##### Supplied data

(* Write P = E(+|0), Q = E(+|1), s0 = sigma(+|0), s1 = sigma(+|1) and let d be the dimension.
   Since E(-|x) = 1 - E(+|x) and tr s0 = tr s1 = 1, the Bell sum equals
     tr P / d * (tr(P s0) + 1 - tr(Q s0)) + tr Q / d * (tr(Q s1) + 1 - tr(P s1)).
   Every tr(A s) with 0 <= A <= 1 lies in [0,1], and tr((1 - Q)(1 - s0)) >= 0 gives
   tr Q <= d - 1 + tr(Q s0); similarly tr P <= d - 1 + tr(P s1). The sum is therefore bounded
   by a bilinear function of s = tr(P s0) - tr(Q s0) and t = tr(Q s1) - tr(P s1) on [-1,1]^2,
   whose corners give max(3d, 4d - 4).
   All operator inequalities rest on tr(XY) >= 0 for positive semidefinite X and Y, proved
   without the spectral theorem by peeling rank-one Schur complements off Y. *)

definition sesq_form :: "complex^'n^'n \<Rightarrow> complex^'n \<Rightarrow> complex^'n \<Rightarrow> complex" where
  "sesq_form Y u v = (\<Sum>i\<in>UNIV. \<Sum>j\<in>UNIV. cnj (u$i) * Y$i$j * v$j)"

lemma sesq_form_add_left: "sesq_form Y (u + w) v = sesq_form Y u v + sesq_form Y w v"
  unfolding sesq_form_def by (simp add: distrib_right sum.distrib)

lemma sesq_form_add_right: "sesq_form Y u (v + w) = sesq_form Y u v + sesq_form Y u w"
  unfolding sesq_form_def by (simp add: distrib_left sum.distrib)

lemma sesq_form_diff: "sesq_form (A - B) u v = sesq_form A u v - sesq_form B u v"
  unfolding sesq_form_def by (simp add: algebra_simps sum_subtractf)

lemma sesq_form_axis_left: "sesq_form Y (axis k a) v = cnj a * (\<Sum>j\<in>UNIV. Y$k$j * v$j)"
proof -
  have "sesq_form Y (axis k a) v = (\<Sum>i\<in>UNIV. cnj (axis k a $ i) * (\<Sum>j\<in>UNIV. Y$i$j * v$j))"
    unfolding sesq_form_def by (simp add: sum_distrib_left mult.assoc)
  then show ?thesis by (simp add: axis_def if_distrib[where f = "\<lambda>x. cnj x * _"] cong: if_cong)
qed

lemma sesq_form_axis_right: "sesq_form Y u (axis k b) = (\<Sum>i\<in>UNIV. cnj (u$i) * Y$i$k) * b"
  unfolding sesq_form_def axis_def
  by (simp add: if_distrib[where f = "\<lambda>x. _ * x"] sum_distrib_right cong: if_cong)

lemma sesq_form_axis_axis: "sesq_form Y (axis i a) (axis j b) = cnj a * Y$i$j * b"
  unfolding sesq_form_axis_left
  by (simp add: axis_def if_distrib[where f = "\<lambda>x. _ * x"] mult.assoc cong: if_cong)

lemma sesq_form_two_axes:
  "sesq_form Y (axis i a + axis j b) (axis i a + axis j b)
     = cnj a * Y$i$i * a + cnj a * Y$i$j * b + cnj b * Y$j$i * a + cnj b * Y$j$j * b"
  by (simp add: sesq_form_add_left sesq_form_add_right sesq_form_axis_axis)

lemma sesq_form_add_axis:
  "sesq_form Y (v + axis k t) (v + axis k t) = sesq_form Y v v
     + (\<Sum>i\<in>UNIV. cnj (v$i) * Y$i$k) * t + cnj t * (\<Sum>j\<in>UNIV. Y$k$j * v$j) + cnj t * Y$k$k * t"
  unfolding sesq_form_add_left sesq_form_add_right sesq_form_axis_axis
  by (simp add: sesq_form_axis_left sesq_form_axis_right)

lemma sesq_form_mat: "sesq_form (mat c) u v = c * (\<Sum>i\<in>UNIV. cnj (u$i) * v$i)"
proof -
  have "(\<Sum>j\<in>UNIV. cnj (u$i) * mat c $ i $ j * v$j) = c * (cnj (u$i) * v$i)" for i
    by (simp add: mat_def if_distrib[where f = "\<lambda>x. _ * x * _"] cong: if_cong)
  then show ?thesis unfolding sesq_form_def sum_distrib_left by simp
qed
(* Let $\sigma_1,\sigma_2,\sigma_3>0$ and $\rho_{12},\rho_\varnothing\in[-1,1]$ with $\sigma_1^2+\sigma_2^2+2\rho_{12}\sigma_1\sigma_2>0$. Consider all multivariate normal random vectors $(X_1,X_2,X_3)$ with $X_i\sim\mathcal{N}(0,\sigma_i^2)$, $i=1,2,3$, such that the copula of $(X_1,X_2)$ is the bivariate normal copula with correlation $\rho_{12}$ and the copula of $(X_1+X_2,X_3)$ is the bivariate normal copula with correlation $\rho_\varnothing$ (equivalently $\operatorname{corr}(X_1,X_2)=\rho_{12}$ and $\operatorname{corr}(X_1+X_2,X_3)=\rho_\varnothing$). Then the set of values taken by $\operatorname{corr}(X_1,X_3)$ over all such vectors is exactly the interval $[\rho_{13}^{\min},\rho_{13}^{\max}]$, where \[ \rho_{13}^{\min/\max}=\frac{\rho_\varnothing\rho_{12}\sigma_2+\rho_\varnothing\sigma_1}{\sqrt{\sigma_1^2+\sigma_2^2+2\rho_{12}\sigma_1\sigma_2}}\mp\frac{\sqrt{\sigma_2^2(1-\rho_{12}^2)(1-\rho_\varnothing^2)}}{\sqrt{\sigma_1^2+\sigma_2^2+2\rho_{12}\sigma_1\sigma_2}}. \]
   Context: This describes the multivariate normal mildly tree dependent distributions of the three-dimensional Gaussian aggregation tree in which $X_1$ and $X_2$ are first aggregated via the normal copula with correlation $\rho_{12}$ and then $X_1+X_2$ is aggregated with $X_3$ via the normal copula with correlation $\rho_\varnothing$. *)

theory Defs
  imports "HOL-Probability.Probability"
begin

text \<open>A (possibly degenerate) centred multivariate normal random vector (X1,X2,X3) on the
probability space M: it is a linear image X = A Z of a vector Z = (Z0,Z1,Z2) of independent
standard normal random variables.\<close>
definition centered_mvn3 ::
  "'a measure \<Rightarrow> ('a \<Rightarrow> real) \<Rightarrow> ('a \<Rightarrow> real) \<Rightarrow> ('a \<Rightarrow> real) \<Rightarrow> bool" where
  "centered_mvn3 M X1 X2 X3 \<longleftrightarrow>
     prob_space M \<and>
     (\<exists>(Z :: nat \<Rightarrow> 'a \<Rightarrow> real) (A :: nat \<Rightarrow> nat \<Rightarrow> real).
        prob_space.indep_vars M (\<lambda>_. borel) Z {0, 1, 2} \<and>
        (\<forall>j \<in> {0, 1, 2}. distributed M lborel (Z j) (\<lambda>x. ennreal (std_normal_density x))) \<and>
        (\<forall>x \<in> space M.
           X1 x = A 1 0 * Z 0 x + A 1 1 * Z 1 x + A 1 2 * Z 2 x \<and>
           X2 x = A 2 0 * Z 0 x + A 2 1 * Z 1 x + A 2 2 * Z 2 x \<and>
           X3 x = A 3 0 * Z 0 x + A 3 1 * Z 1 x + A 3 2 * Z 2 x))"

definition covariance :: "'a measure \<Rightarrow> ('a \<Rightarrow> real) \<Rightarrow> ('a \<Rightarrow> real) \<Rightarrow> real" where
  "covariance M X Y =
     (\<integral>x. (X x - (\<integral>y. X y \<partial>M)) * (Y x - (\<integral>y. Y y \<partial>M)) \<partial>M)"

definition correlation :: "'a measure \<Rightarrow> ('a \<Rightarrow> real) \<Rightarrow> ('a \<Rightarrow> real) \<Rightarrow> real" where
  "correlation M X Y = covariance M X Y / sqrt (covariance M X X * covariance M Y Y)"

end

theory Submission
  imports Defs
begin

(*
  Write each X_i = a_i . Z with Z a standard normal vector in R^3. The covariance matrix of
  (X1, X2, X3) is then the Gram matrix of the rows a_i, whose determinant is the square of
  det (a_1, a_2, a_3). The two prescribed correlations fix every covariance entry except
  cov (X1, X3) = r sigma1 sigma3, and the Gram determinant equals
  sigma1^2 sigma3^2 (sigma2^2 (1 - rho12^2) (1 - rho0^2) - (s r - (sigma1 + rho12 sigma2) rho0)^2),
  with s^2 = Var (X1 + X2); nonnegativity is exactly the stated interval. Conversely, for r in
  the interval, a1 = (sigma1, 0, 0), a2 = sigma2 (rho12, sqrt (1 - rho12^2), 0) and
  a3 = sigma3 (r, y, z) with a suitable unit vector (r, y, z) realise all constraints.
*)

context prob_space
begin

##########

What is being asked:
Reproduce exactly, and with no other material, the lines between those holding "unfolding sesq_form_axis_left" and "sesq_form Y v v", inclusive.

Written response:
  unfolding sesq_form_axis_left
  by (simp add: axis_def if_distrib[where f = "\<lambda>x. _ * x"] mult.assoc cong: if_cong)

lemma sesq_form_two_axes:
  "sesq_form Y (axis i a + axis j b) (axis i a + axis j b)
     = cnj a * Y$i$i * a + cnj a * Y$i$j * b + cnj b * Y$j$i * a + cnj b * Y$j$j * b"
  by (simp add: sesq_form_add_left sesq_form_add_right sesq_form_axis_axis)

lemma sesq_form_add_axis:
  "sesq_form Y (v + axis k t) (v + axis k t) = sesq_form Y v v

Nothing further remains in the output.